**Excerpted data:**

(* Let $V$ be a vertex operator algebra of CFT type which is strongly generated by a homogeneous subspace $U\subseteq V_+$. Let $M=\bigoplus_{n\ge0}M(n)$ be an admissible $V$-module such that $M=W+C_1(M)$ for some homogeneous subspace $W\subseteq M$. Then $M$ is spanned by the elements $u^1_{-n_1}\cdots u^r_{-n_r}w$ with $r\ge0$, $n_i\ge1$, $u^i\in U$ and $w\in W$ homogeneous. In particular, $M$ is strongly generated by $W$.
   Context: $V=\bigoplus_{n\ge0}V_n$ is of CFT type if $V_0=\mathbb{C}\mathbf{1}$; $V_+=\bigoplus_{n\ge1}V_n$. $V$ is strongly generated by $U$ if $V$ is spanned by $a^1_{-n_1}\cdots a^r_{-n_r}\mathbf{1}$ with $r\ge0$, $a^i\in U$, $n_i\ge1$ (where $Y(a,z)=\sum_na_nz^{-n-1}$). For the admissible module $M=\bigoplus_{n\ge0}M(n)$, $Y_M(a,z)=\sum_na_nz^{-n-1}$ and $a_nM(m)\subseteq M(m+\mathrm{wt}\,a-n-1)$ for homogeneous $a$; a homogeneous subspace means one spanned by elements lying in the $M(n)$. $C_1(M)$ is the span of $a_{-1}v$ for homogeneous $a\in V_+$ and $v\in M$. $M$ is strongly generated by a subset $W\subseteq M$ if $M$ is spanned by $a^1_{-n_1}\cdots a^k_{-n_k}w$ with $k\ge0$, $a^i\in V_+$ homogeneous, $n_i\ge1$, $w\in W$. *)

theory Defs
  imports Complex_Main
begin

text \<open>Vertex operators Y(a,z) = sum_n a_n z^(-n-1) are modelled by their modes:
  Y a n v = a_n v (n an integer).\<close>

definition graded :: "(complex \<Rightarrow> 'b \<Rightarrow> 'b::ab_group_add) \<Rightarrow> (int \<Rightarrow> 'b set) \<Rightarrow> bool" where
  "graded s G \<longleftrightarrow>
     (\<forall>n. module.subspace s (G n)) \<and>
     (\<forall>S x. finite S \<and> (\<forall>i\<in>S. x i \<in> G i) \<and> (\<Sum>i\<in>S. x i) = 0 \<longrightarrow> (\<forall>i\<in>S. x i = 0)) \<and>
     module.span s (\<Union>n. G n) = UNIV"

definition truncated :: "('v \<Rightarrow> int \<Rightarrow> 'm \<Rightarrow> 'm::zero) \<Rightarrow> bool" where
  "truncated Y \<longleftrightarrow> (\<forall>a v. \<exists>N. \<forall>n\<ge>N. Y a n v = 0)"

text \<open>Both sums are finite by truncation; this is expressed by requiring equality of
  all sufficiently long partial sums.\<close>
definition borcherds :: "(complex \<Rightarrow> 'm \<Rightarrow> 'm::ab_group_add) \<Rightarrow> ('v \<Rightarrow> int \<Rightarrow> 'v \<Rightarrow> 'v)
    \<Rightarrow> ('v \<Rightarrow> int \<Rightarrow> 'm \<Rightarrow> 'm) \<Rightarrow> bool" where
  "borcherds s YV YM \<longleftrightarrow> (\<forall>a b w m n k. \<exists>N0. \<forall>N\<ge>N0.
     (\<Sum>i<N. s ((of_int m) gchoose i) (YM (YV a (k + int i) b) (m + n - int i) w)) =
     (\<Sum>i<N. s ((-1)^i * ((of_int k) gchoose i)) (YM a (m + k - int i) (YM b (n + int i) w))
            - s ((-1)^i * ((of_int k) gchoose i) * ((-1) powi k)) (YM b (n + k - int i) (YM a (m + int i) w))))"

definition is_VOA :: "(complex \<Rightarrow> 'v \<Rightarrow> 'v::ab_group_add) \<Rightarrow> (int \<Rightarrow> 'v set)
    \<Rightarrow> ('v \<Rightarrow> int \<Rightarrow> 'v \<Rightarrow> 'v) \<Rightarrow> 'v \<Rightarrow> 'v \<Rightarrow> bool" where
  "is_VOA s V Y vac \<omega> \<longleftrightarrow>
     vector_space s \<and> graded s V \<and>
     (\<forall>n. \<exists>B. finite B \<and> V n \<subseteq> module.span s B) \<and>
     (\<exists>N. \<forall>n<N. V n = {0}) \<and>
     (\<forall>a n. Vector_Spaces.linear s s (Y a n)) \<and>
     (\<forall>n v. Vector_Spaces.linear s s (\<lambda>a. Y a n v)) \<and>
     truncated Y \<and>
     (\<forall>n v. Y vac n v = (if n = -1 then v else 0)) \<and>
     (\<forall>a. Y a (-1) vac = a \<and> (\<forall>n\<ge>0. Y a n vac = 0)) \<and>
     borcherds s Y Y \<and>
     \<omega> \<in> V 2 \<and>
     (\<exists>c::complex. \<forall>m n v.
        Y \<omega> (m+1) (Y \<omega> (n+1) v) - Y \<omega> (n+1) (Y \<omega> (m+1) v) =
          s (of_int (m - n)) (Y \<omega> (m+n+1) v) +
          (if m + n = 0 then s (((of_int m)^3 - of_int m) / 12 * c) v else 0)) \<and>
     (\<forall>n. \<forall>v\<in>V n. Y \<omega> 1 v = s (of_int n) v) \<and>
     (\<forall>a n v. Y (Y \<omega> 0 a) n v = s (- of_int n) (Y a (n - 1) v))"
==
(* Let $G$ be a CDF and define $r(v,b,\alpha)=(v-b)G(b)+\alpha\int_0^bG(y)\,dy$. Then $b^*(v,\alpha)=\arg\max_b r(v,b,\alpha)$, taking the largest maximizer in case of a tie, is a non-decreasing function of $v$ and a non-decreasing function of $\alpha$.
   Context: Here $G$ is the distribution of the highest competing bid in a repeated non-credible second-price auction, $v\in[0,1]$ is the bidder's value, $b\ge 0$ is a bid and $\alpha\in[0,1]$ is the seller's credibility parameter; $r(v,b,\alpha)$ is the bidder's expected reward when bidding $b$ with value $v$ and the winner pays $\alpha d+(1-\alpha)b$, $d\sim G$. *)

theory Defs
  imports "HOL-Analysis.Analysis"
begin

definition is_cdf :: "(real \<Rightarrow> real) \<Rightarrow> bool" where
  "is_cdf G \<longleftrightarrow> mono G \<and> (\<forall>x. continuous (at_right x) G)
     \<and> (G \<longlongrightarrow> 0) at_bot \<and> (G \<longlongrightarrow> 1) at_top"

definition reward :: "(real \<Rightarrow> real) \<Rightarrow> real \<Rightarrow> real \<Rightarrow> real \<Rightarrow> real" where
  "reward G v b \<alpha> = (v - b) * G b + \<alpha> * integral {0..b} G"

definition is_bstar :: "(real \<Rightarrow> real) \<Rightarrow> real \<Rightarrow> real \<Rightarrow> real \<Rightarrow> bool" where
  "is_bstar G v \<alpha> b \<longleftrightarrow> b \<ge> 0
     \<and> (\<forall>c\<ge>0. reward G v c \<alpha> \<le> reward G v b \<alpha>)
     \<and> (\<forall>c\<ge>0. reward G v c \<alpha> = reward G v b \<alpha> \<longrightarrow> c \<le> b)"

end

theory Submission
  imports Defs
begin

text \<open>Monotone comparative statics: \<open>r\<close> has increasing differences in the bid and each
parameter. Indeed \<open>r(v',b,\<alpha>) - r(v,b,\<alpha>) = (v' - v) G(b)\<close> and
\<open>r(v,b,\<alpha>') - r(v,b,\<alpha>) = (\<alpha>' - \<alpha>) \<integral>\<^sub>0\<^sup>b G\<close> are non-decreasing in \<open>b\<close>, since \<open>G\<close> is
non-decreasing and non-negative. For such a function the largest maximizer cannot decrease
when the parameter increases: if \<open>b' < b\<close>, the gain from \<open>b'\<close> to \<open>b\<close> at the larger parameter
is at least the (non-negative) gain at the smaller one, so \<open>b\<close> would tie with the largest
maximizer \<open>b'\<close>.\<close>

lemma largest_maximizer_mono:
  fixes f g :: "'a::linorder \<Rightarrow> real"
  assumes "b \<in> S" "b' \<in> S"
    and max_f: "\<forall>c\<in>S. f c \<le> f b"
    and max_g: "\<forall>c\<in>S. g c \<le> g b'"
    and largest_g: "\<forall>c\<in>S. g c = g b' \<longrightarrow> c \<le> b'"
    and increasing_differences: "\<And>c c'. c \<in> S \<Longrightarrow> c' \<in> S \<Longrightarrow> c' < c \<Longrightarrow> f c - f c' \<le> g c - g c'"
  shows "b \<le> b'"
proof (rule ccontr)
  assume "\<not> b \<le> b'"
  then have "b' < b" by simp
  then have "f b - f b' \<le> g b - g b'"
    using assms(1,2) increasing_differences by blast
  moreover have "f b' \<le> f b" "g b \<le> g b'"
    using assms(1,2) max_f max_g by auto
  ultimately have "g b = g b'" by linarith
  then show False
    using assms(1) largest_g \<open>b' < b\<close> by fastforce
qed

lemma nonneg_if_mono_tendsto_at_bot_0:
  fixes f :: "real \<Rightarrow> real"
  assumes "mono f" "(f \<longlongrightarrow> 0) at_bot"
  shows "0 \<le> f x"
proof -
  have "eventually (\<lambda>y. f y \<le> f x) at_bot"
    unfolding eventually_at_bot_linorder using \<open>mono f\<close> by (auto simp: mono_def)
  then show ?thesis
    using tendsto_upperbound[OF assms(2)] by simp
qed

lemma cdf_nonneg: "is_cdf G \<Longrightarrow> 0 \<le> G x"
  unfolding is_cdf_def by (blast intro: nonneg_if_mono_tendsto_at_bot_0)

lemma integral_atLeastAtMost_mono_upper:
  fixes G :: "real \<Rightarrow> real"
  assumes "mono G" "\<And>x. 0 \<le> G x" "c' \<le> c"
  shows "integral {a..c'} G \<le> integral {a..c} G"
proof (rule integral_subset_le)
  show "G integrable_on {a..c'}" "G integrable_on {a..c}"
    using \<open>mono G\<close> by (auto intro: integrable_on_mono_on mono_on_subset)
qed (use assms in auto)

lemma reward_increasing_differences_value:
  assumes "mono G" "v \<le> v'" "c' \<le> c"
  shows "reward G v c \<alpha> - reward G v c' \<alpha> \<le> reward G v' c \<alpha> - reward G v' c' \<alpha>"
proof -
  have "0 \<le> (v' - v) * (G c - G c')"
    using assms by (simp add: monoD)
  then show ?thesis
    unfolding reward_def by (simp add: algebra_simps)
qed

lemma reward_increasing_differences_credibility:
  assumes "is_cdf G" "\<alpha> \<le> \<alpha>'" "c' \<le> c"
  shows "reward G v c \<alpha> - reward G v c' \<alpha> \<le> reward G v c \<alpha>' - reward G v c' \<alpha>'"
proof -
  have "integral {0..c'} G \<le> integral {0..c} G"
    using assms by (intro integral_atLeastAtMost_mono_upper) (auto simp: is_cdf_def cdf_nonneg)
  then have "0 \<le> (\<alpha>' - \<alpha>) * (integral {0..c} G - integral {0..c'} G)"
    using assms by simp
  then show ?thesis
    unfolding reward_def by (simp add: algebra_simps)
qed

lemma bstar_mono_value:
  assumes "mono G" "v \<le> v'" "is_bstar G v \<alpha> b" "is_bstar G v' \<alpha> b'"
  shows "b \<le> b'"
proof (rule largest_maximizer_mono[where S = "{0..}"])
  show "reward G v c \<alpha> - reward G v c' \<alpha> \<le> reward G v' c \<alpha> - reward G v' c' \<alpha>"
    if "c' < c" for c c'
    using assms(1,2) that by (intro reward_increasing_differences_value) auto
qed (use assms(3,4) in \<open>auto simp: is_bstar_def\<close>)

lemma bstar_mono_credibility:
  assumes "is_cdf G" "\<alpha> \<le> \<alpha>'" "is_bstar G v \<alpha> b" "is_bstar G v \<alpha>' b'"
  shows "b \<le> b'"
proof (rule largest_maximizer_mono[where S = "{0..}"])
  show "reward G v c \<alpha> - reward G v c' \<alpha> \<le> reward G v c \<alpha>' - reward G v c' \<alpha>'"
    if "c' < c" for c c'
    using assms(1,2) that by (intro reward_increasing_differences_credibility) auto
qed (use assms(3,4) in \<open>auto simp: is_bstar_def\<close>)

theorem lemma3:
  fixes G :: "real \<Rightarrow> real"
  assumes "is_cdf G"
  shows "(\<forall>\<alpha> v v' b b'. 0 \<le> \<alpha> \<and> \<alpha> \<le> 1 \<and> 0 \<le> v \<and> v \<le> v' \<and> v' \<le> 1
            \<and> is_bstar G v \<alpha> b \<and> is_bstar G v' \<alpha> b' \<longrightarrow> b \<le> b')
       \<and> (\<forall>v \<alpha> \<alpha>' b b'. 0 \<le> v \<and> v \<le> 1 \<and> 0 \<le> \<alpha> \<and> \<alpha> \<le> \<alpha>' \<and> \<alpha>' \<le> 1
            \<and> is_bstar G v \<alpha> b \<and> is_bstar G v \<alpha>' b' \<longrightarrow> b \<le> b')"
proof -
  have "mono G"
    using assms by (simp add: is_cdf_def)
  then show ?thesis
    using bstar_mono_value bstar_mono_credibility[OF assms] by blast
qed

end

**Your task:** Where the word "else" occurs in a line of the records, copy that line.

**Answer for this exercise:**
     (\<forall>n v. Y vac n v = (if n = -1 then v else 0)) \<and>
          (if m + n = 0 then s (((of_int m)^3 - of_int m) / 12 * c) v else 0)) \<and>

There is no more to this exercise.